TEAM-BASED CARE – The future (and present) of Primary Care

by Dr. Jon Hart

At the Reimagining Primary Care (RPC) Forum this spring, a prevailing theme about how primary care can and should be done in the future was one of team-based care. Our current paradigm of primary care comes with some mismatches, even conflicts to the notion of care delivered by a team, and this leads to challenges in transforming care. We’ll look at some statements made by primary care experts at RPC and explore ways to apply those to the primary care world of today and tomorrow.
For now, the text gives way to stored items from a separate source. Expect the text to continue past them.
definition zeta :: "ereal \<Rightarrow> cmat2 \<Rightarrow> real \<Rightarrow> real \<Rightarrow> cvec2 \<Rightarrow> cvec2 \<Rightarrow> cmat2 \<Rightarrow> cmat2 \<Rightarrow> complex" where
  "zeta s \<rho> l1 l2 p1 p2 X Y =
     (let l = (\<lambda>i::nat. if i = 1 then l1 else l2);
          p = (\<lambda>i::nat. if i = 1 then p1 else p2)
      in mtrace (\<rho> ** cadj X ** Y)
         - (\<Sum>i\<in>{1,2}. \<Sum>j\<in>{1,2}. complex_of_real (pmean s (l i) (l j))
              * braket (p i) (cadj X *v p j) * braket (p j) (Y *v p i)))"

definition Iinfo :: "ereal \<Rightarrow> cmat2 \<Rightarrow> real \<Rightarrow> real \<Rightarrow> cvec2 \<Rightarrow> cvec2 \<Rightarrow> cmat2 \<Rightarrow> complex" where
  "Iinfo s \<rho> l1 l2 p1 p2 X = zeta s \<rho> l1 l2 p1 p2 X X"

definition calI :: "ereal \<Rightarrow> cmat2 \<Rightarrow> real \<Rightarrow> real \<Rightarrow> cvec2 \<Rightarrow> cvec2 \<Rightarrow> cmat2 \<Rightarrow> cmat2 \<Rightarrow> complex" where
  "calI s \<rho> l1 l2 p1 p2 X Y =
     Iinfo s \<rho> l1 l2 p1 p2 X * Iinfo s \<rho> l1 l2 p1 p2 Y
     - (1/16) * (Iinfo s \<rho> l1 l2 p1 p2 (X + Y) - Iinfo s \<rho> l1 l2 p1 p2 (X - Y))\<^sup>2"

end

theory Submission
  imports Defs
begin

text \<open>In the eigenbasis of \<open>\<rho>\<close> the diagonal terms of \<open>\<zeta>\<^sup>s\<close> cancel because
  \<open>m\<^sub>s(\<lambda>, \<lambda>) = \<lambda>\<close>. Hence a Hermitian \<open>H\<close> with off-diagonal entry
  \<open>h = \<langle>\<psi>\<^sub>1|H|\<psi>\<^sub>2\<rangle>\<close> has \<open>I\<^sup>s(\<rho>, H) = c |h|\<^sup>2\<close> with
  \<open>c = \<lambda>\<^sub>1 + \<lambda>\<^sub>2 - 2 m\<^sub>s(\<lambda>\<^sub>1, \<lambda>\<^sub>2)\<close>, and by polarization the quantity in question is
  \<open>c\<^sup>2 (Im (x cnj y))\<^sup>2\<close>, where \<open>x, y\<close> are the off-diagonal entries of \<open>X, Y\<close>. On the other
  hand \<open>Tr[\<rho>[X,Y]] = 2i (\<lambda>\<^sub>1 - \<lambda>\<^sub>2) Im (x cnj y)\<close>, so the claim reduces to
  \<open>|c| \<le> \<lambda>\<^sub>1 - \<lambda>\<^sub>2\<close>, which holds because the power mean lies between the eigenvalues.\<close>

definition orthonormal_pair :: "cvec2 \<Rightarrow> cvec2 \<Rightarrow> bool" where
  "orthonormal_pair p1 p2 \<longleftrightarrow> braket p1 p1 = 1 \<and> braket p2 p2 = 1 \<and> braket p1 p2 = 0"
(* Let $D$ be a distance on $\mathcal D(\mathcal H)$ that is convex in each argument and contractive. Let $\rho$ be a state and let $\sigma^*$ be a separable state with $D(\rho,\sigma^* )=E_D(\rho)$. Then for every $p\in[0,1]$, $$E_D\big((1-p)\rho+p\sigma^*\big)=(1-p)E_D(\rho).$$
   Context: $\mathcal H$ is a finite-dimensional multipartite Hilbert space, $\mathcal D(\mathcal H)$ its density matrices, $\mathcal S\subseteq\mathcal D(\mathcal H)$ the separable states (convex combinations of product states). A distance $D$ is a metric on density matrices; convex in each argument means $D(p\rho_1+(1-p)\rho_2,\sigma)\le pD(\rho_1,\sigma)+(1-p)D(\rho_2,\sigma)$; contractive means $D(\Lambda[\rho],\Lambda[\sigma])\le D(\rho,\sigma)$ for every CPT map $\Lambda$. The distance-based entanglement measure is $E_D(\rho)=\inf_{\sigma\in\mathcal S}D(\rho,\sigma)$. *)

theory Defs
  imports Complex_Main "Jordan_Normal_Form.Matrix"
begin

definition mtrace :: "complex mat \<Rightarrow> complex" where
  "mtrace A = (\<Sum>i<dim_row A. A $$ (i, i))"

definition adjoint :: "complex mat \<Rightarrow> complex mat" where
  "adjoint A = mat (dim_col A) (dim_row A) (\<lambda>(i, j). cnj (A $$ (j, i)))"

definition psd :: "nat \<Rightarrow> complex mat \<Rightarrow> bool" where
  "psd n A \<longleftrightarrow> A \<in> carrier_mat n n \<and> adjoint A = A \<and>
     (\<forall>v \<in> carrier_vec n. 0 \<le> Re (map_vec cnj v \<bullet> (A *\<^sub>v v)))"

definition density :: "nat \<Rightarrow> complex mat set" where
  "density n = {A. psd n A \<and> mtrace A = 1}"

definition kron :: "complex mat \<Rightarrow> complex mat \<Rightarrow> complex mat" where
  "kron A B = mat (dim_row A * dim_row B) (dim_col A * dim_col B)
     (\<lambda>(i, j). A $$ (i div dim_row B, j div dim_col B) * B $$ (i mod dim_row B, j mod dim_col B))"
(* Let $S\subseteq\mathcal{S}_d$ be nonempty, $[d]$ partitioned into groups $G_1,\dots,G_g$, $\bar\alpha,\bar\beta\in[0,1]^g$, $k\in[d]$, and assume an $(\bar\alpha,\bar\beta)$-$k$-fair ranking in $\mathcal S_d$ exists. Let $\tau$ be an $(\bar\alpha,\bar\beta)$-$k$-fair top-$k$ ranking minimizing $2\sum_{\pi\in S}\sum_{i\in D_\tau}(\pi(i)-\tau(i))\mathbb{1}[\tau(i)<\pi(i)]$, and let $\sigma\in\mathcal S_d$ be a ranking with $\sigma(a)=\tau(a)$ for all $a\in D_\tau$ that minimizes $2\sum_{\pi\in S}\sum_{i\in[d]}(\pi(i)-\sigma(i))\mathbb{1}[\sigma(i)<\pi(i)]$ among all such extensions. Let $\sigma^*$ be any $(\bar\alpha,\bar\beta)$-$k$-fair ranking in $\mathcal S_d$ minimizing $\mathrm{Obj}$, let $\mathrm{OPT}=\mathrm{Obj}(\sigma^* )$, and let $L^*=\{a\in[d]:\sigma^*(a)\le k\}$. Then $\mathrm{Obj}(\sigma)\le\overleftarrow{\mathrm{Obj}}(\sigma^*_{L^*})+\mathrm{OPT}$.
   Context: $\mathcal{S}_d$ is the set of rankings of $[d]$, $\pi(a)$ the rank of $a$. A top-$k$ ranking is a bijection $\tau:D_\tau\to[k]$, $D_\tau\subseteq[d]$. A full or top-$k$ ranking is $(\bar\alpha,\bar\beta)$-$k$-fair if for every $i\in[g]$ the candidates at positions $1,\dots,k$ include at least $\lfloor\alpha_i k\rfloor$ and at most $\lceil\beta_i k\rceil$ members of $G_i$. For $\pi,\sigma\in\mathcal S_d$, $F(\pi,\sigma)=\sum_{i\in[d]}|\pi(i)-\sigma(i)|$ and $\mathrm{Obj}(\sigma)=\sum_{\pi\in S}F(\pi,\sigma)$. For $\sigma\in\mathcal S_d$ and $D\subseteq[d]$, $\overleftarrow{\mathrm{Obj}}(\sigma_D):=2\sum_{\pi\in S}\sum_{i\in D}(\pi(i)-\sigma(i))\mathbb{1}[\sigma(i)<\pi(i)]$. *)

theory Defs
  imports Complex_Main "HOL-Combinatorics.Permutations"
begin

text \<open>A (full) ranking of [d] = {1..d}: a bijection of {1..d}; pi a is the rank of a.
  We normalise to the identity outside {1..d}.\<close>
definition ranking :: "nat \<Rightarrow> (nat \<Rightarrow> nat) \<Rightarrow> bool" where
  "ranking d \<pi> \<longleftrightarrow> \<pi> permutes {1..d}"
lemma inj_on_itinerary: "inj_on itinerary X"
proof (rule inj_onI, rule ccontr)
  fix x y assume xy: "x \<in> X" "y \<in> X" "itinerary x = itinerary y" and "x \<noteq> y"
  then obtain M where M: "1 / real (Suc M) < d x y"
    by (metis nat_approx_posE mdist_pos_less)
  have "code M x = code M y"
    using fun_cong[OF fun_cong[OF xy(3), of M], of 0] by (simp add: itinerary_def)
  with xy(1,2) M show False
    using dist_less_if_code_eq by fastforce
qed

text \<open>Completeness of the defining sequence enters here: the cells of the points \<open>z m\<close> at their
  own levels are nested.\<close>
lemma consistent_codes_realised:
  assumes z_in: "\<And>m. z m \<in> X" and consistent: "\<And>m. code m (z (Suc m)) = code m (z m)"
  shows "\<exists>p\<in>X. \<forall>m. code m p = code m (z m)"
proof -
  have cell_z_Suc: "cell (level m) (z (Suc m)) = cell (level m) (z m)" for m
    using code_eq_iff[OF z_in z_in] consistent by metis
  have cell_z: "cell (level m) (z m') = cell (level m) (z m)" if "m \<le> m'" for m m'
    using that
  proof (induction m' rule: dec_induct)
    case (step k)
    then show ?case
      using cell_eq_coarser[OF level_mono[OF step.hyps(1)] z_in z_in cell_z_Suc[of k]] by simp
  qed simp
  define V where "V n = cell n (z n)" for n
  have "V n \<in> \<U> n \<and> V (Suc n) \<subseteq> V n" for n
  proof
    show "V n \<in> \<U> n"
      unfolding V_def using cell_in[OF z_in] .
    have "cell n (z (Suc n)) = cell n (z n)"
      using cell_eq_coarser[OF level_ge z_in z_in cell_z_Suc[of n]] .
    then show "V (Suc n) \<subseteq> V n"
      unfolding V_def using cell_Suc_subset[OF z_in] by metis
  qed
  then have "\<Inter> (range V) \<noteq> {}"
    using complete unfolding complete_defseq_def by blast
  then obtain p where p: "\<And>n. p \<in> V n"
    by blast
  have "p \<in> X"
    using p[of 0] partition_subset[OF cell_in[OF z_in]] unfolding V_def by blast
  moreover have "code m p = code m (z m)" for m
  proof -
    have "p \<in> cell (level m) (z m)"
      using p[of "level m"] cell_z[OF level_ge] unfolding V_def by simp
    then have "cell (level m) p = cell (level m) (z m)"
      using cell_eqI[OF cell_in[OF z_in]] by blast
    then show ?thesis
      using code_eq_iff[OF \<open>p \<in> X\<close> z_in] by simp
  qed
  ultimately show ?thesis by blast
qed

lemma compatible_codes_realised:
  assumes in_alphabet: "\<And>m. s m \<in> alphabet m"
    and compatible: "\<And>m. s m = code m (dense_seq (s (Suc m)))"
  shows "\<exists>p\<in>X. \<forall>m. code m p = s m"
proof -
  have code_s: "code m (dense_seq (s m)) = s m" for m
    using in_alphabet[of m] code_dense_seq_code[OF order_refl] unfolding alphabet_def by auto
  then have "code m (dense_seq (s (Suc m))) = code m (dense_seq (s m))" for m
    using compatible by metis
  then show ?thesis
    using consistent_codes_realised[OF dense_seq_in] code_s by metis
qed
(* Let $G$ be a commutative group, $H$ a torsion-free subgroup, $G'=G/H$ and $\varphi:G\to G'$ the natural homomorphism. Let $U\subset G$ be finite and let $\vartheta$ be any of the functionals $\alpha,\alpha',\alpha'',\beta_p$ ($1<p<\infty$), $\beta',\beta''$, where $\vartheta(U)$ is computed in $G$ and $\vartheta(C_\varphi(U))$ is computed in $G'\times\mathbb{Z}$. Then $\vartheta(C_\varphi(U))\le\vartheta(U)$.
   Context: The compression along $\varphi$ maps a finite $A\subset G$ to the finite set $C_\varphi(A)=\bigcup_{x\in\varphi(A)}\{x\}\times\{0,1,\dots,|A\cap\varphi^{-1}(x)|-1\}\subset G'\times\mathbb{Z}$. For a finite set $U$ in a commutative group $K$, with $A,B$ ranging over nonempty finite subsets of $K$: $\alpha(U)=\inf_{A\supset U,B\supset U}\frac{|A+B|}{\sqrt{|A||B|}}$; $\alpha'(U)=\inf_{A\supset U,B\supset U,|A|=|B|}\frac{|A+B|}{|A|}$; $\alpha''(U)=\inf_{A\supset U}\frac{|A+A|}{|A|}$; $\beta_p(U)=\inf_{A,B}\frac{|A+B+U|}{|A|^{1/p}|B|^{1-1/p}}$; $\beta'(U)=\inf_{A,B,|A|=|B|}\frac{|A+B+U|}{\sqrt{|A||B|}}$; $\beta''(U)=\inf_{A}\frac{|A+A+U|}{|A|}$. *)

theory Defs
  imports Complex_Main "HOL-Library.Product_Plus"
begin

definition sumset :: "'g::ab_group_add set \<Rightarrow> 'g set \<Rightarrow> 'g set" where
  "sumset A B = {a + b | a b. a \<in> A \<and> b \<in> B}"
(* Let $p$ be a prime and let $(\mathbb{K},|\cdot|_{\mathbb{K}})$ be a valued field with $\mathbb{Q}_p\subseteq\mathbb{K}$ such that the inclusion $\mathbb{Q}_p\hookrightarrow\mathbb{K}$ is continuous. Let $f:\mathbb{Q}_p\to\mathbb{K}$ be continuous, $n\ge0$, and $N\in\mathbb{N}$. If $\Delta_{p^N}^{n+1}f(x)=0$ for all $x\in\mathbb{Q}_p$, then for each $a\in\mathbb{Q}_p$ there exist constants $a_0,\dots,a_n\in\mathbb{K}$ such that $f(x)=a_0+a_1x+\cdots+a_nx^n$ for all $x\in a+p^N\mathbb{Z}_p$.
   Context: $\mathbb{Q}_p$ is the field of $p$-adic numbers, $\mathbb{Z}_p=\{x\in\mathbb{Q}_p:|x|_p\le1\}$, and $a+p^N\mathbb{Z}_p=\{a+p^Nz:z\in\mathbb{Z}_p\}$. $\Delta_h^{m}f(x)=\sum_{k=0}^{m}\binom{m}{k}(-1)^{m-k}f(x+kh)$. *)

theory Defs
  imports Complex_Main "HOL-Computational_Algebra.Computational_Algebra"
begin

definition padic_val_rat :: "nat \<Rightarrow> rat \<Rightarrow> int" where
  "padic_val_rat p r =
     int (multiplicity (int p) (fst (quotient_of r))) -
     int (multiplicity (int p) (snd (quotient_of r)))"

definition padic_abs_rat :: "nat \<Rightarrow> rat \<Rightarrow> real" where
  "padic_abs_rat p r = (if r = 0 then 0 else real p powr (- real_of_int (padic_val_rat p r)))"

definition is_absval :: "('a::field \<Rightarrow> real) \<Rightarrow> bool" where
  "is_absval av \<longleftrightarrow>
     (\<forall>x. 0 \<le> av x) \<and> (\<forall>x. av x = 0 \<longleftrightarrow> x = 0) \<and>
     (\<forall>x y. av (x * y) = av x * av y) \<and> (\<forall>x y. av (x + y) \<le> av x + av y)"

text \<open>(Q, av) is a model of Q_p: the completion of the rationals with respect to the
  p-adic absolute value (complete, extends the p-adic absolute value on Q, Q dense).\<close>
definition is_padic_field :: "nat \<Rightarrow> ('q::field_char_0 \<Rightarrow> real) \<Rightarrow> bool" where
  "is_padic_field p av \<longleftrightarrow>
     is_absval av \<and>
     (\<forall>r. av (of_rat r) = padic_abs_rat p r) \<and>
     (\<forall>x e. e > 0 \<longrightarrow> (\<exists>r. av (x - of_rat r) < e)) \<and>
     (\<forall>X :: nat \<Rightarrow> 'q.
        (\<forall>e>0. \<exists>M. \<forall>m\<ge>M. \<forall>n\<ge>M. av (X m - X n) < e) \<longrightarrow>
        (\<exists>L. \<forall>e>0. \<exists>M. \<forall>n\<ge>M. av (X n - L) < e))"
Despite the decline of rural healthcare, we’ve continued to use an agrarian analogy for healthcare, calling it siloed. For those unfamiliar with farm life, a silo is a vertical tube-like structure where you store a single type of grain (or silage if airflow can be limited) to keep it contained and dry until you use or sell it. This cloistering of the product is essential to its drying (or fermentation), and until the grain is ready to be removed and taken to a larger silo (grain elevator), it doesn’t leave its cylindrical home. 

Why am I being so detailed in the description of an agricultural building? To accentuate the silo concept versus one of relationship, partnership, cooperation, and a big-picture view. We’ve stuck with the silo analogy for healthcare because it’s so accurate – confined spaces with limited or no outside contact, keeping things to themselves, until someone forcibly moves it to another silo.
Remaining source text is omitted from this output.